■ **Work to be completed**:
Within the records that follow, find every line containing the string "zero". Copy those lines.

■ **Supplied entries**:

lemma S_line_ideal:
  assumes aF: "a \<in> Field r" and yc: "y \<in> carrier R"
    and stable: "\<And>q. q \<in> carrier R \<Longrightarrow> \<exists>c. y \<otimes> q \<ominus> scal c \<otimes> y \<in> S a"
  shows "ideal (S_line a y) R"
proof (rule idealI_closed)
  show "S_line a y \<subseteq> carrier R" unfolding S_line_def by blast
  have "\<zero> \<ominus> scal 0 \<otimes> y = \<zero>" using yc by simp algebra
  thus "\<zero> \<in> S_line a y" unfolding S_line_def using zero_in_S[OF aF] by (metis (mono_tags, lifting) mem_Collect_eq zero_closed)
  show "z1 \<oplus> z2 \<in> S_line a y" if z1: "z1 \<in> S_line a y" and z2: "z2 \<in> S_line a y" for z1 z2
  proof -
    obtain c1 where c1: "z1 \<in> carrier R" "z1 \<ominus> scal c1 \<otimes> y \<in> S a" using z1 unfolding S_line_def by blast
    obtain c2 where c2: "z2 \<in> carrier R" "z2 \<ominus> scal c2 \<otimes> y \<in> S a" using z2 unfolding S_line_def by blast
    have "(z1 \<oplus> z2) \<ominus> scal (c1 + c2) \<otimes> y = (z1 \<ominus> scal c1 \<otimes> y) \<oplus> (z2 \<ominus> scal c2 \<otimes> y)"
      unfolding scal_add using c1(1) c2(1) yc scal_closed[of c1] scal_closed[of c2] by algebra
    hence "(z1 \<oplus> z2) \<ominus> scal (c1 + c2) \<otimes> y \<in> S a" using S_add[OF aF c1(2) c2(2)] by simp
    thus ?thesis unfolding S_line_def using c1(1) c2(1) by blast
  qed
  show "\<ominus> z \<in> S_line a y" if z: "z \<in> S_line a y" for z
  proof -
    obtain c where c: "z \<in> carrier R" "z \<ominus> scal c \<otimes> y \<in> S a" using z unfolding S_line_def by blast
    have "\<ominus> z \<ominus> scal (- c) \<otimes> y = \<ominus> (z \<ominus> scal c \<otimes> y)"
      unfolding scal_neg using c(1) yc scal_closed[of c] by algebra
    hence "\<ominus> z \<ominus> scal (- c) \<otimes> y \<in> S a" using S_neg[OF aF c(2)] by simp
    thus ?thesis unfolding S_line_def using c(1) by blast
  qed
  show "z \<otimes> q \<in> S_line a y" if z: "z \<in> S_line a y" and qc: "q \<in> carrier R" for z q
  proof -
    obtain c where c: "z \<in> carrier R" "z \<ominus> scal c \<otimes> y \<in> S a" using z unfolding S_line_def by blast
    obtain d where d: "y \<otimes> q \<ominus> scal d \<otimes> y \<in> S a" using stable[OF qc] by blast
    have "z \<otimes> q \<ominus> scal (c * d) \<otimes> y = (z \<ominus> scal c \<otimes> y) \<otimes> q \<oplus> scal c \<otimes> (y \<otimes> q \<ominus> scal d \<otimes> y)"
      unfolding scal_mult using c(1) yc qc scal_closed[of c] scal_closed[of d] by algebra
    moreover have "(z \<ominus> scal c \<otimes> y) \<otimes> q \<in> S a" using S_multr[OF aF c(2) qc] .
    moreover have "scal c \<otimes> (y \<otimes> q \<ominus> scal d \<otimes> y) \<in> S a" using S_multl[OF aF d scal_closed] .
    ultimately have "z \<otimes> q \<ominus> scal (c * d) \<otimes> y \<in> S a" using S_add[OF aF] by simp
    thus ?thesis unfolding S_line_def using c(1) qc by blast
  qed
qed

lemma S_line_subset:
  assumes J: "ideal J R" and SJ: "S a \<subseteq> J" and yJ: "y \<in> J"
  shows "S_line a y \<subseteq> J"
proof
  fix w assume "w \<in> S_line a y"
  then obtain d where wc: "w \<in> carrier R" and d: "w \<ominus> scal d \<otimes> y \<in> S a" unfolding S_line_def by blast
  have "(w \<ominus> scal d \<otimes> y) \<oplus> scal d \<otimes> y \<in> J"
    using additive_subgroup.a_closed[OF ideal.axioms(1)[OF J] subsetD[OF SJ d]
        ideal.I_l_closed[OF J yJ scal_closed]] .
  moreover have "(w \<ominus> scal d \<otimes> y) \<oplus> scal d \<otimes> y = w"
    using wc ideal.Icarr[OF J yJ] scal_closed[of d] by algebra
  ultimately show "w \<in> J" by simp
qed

* * *

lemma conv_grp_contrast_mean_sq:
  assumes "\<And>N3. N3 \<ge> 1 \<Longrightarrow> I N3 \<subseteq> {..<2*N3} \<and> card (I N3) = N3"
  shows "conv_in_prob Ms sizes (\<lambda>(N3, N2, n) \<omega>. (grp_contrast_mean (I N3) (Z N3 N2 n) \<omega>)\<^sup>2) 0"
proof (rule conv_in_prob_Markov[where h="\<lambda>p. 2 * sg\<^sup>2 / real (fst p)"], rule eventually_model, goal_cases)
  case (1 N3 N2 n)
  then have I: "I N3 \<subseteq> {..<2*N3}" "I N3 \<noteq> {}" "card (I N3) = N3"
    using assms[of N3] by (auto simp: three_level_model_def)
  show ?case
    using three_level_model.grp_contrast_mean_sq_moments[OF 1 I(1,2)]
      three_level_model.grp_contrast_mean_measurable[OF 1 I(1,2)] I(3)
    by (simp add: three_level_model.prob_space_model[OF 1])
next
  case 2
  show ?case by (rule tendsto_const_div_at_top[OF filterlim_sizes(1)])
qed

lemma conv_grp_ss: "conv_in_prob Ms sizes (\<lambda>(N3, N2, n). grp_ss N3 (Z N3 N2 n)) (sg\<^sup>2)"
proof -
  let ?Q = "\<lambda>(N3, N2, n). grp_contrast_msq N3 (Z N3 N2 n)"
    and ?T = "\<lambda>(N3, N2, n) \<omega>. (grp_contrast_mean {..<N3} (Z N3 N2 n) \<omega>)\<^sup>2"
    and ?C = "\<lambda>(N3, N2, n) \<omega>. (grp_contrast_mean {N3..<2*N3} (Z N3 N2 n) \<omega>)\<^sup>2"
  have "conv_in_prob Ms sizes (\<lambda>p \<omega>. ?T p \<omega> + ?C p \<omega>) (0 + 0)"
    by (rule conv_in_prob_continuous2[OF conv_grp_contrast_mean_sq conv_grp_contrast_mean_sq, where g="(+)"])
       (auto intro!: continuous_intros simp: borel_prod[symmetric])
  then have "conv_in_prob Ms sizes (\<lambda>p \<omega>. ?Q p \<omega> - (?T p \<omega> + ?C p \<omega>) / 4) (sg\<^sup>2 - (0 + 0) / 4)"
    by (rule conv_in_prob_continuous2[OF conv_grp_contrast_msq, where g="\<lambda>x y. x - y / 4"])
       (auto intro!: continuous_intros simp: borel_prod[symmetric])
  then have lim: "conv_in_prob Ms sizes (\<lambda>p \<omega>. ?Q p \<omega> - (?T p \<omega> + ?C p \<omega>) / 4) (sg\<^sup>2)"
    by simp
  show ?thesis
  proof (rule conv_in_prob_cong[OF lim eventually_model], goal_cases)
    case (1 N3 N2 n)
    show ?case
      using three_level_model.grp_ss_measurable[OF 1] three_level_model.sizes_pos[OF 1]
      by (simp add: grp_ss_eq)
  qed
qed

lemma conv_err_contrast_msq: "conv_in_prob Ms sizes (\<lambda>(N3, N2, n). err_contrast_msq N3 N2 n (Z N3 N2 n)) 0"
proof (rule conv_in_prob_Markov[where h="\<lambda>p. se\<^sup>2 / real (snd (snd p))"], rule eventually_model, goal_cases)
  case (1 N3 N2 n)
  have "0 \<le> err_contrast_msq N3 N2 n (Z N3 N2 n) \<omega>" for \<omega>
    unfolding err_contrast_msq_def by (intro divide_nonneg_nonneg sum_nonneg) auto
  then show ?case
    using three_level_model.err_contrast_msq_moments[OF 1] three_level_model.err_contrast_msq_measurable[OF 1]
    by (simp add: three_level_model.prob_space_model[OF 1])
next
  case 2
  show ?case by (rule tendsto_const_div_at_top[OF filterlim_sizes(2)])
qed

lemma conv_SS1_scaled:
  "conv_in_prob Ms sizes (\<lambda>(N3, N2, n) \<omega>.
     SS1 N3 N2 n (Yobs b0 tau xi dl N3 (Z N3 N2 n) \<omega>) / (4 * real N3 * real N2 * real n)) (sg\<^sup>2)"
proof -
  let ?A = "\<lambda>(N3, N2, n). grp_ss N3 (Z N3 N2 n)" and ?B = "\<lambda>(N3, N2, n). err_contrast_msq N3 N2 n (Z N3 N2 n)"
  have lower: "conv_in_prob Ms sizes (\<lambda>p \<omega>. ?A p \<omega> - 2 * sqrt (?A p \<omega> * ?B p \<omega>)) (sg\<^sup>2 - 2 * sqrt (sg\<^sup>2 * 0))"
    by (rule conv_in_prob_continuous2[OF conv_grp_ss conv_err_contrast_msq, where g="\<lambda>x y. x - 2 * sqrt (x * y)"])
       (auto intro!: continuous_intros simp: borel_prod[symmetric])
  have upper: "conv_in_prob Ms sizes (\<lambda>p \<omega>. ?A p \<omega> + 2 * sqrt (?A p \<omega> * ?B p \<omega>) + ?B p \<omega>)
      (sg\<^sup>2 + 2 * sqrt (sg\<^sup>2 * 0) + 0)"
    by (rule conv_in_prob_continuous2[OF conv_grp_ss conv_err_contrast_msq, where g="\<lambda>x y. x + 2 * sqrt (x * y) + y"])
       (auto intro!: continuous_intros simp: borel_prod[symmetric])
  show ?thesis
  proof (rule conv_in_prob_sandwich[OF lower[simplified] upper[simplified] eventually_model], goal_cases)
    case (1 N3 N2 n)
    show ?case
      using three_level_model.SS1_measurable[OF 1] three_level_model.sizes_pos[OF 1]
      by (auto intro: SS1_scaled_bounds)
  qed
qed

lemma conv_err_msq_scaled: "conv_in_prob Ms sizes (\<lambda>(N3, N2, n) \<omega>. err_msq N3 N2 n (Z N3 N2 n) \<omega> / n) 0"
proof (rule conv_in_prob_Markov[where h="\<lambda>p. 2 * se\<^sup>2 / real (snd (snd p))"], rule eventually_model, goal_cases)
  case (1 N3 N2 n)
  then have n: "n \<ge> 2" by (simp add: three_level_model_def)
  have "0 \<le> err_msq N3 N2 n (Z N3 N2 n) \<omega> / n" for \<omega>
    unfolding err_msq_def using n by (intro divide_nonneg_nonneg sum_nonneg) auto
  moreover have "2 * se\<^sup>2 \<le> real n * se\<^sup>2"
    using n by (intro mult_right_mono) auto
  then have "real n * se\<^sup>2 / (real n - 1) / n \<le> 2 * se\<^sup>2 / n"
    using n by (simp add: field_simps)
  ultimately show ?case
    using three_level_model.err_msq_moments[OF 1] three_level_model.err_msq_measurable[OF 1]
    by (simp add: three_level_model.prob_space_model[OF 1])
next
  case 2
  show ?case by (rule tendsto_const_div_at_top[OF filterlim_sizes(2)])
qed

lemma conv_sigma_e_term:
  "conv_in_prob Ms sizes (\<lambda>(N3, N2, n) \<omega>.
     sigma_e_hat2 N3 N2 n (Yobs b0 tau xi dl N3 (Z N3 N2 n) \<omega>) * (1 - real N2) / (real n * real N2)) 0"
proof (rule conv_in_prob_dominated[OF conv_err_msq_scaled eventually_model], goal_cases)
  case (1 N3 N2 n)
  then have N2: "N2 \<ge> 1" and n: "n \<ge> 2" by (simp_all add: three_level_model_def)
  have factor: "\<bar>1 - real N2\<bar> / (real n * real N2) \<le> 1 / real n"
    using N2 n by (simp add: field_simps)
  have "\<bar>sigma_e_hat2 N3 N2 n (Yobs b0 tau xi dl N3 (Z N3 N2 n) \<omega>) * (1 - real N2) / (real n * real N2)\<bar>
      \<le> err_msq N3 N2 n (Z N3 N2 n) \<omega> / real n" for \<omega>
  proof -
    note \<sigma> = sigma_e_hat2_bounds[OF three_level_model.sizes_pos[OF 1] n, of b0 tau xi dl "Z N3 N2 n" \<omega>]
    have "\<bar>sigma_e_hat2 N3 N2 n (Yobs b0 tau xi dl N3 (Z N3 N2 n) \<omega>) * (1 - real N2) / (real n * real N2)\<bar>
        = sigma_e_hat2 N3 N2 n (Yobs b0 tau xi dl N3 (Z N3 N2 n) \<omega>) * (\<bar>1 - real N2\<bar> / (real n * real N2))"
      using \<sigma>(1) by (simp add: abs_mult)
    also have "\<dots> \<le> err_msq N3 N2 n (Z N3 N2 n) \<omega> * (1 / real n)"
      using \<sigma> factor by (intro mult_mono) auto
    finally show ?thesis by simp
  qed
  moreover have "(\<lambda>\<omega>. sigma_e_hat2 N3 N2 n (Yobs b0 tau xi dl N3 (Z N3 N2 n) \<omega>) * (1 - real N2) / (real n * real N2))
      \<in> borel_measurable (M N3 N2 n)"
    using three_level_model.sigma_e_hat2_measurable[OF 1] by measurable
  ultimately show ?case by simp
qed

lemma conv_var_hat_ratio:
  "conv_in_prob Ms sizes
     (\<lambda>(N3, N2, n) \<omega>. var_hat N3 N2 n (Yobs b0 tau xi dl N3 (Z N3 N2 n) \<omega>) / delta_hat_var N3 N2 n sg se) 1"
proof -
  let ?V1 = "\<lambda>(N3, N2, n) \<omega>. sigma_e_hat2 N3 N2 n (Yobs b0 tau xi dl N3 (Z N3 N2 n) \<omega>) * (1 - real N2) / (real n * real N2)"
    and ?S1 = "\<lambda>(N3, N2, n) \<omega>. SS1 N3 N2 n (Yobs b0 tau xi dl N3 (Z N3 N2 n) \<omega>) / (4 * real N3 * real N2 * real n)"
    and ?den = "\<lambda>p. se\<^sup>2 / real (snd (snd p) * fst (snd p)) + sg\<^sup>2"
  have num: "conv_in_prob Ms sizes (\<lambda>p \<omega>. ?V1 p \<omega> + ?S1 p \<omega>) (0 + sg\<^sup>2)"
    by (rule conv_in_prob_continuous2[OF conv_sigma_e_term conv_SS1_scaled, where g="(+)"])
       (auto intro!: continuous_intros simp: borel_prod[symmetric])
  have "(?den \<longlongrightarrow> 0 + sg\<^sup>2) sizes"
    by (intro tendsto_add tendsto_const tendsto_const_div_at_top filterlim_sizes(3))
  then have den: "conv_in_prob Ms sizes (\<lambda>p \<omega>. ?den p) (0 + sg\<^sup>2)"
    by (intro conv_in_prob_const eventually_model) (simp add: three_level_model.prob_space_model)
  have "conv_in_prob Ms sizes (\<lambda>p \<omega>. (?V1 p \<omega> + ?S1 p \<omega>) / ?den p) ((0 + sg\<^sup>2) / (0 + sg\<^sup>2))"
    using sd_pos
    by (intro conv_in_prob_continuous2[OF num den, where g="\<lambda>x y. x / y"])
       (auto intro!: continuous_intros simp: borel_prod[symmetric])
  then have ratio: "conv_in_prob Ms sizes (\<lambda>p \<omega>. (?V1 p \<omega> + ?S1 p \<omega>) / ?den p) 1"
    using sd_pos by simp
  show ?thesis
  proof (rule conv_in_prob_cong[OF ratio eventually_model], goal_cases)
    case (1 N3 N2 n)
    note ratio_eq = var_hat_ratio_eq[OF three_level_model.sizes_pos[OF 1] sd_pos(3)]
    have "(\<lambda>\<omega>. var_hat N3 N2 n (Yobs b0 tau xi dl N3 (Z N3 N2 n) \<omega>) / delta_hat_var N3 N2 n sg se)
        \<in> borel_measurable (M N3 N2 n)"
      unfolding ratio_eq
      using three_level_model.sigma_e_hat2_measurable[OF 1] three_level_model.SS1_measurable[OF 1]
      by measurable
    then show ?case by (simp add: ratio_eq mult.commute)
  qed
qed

■ **Task solution**:
  have "\<zero> \<ominus> scal 0 \<otimes> y = \<zero>" using yc by simp algebra
  thus "\<zero> \<in> S_line a y" unfolding S_line_def using zero_in_S[OF aF] by (metis (mono_tags, lifting) mem_Collect_eq zero_closed)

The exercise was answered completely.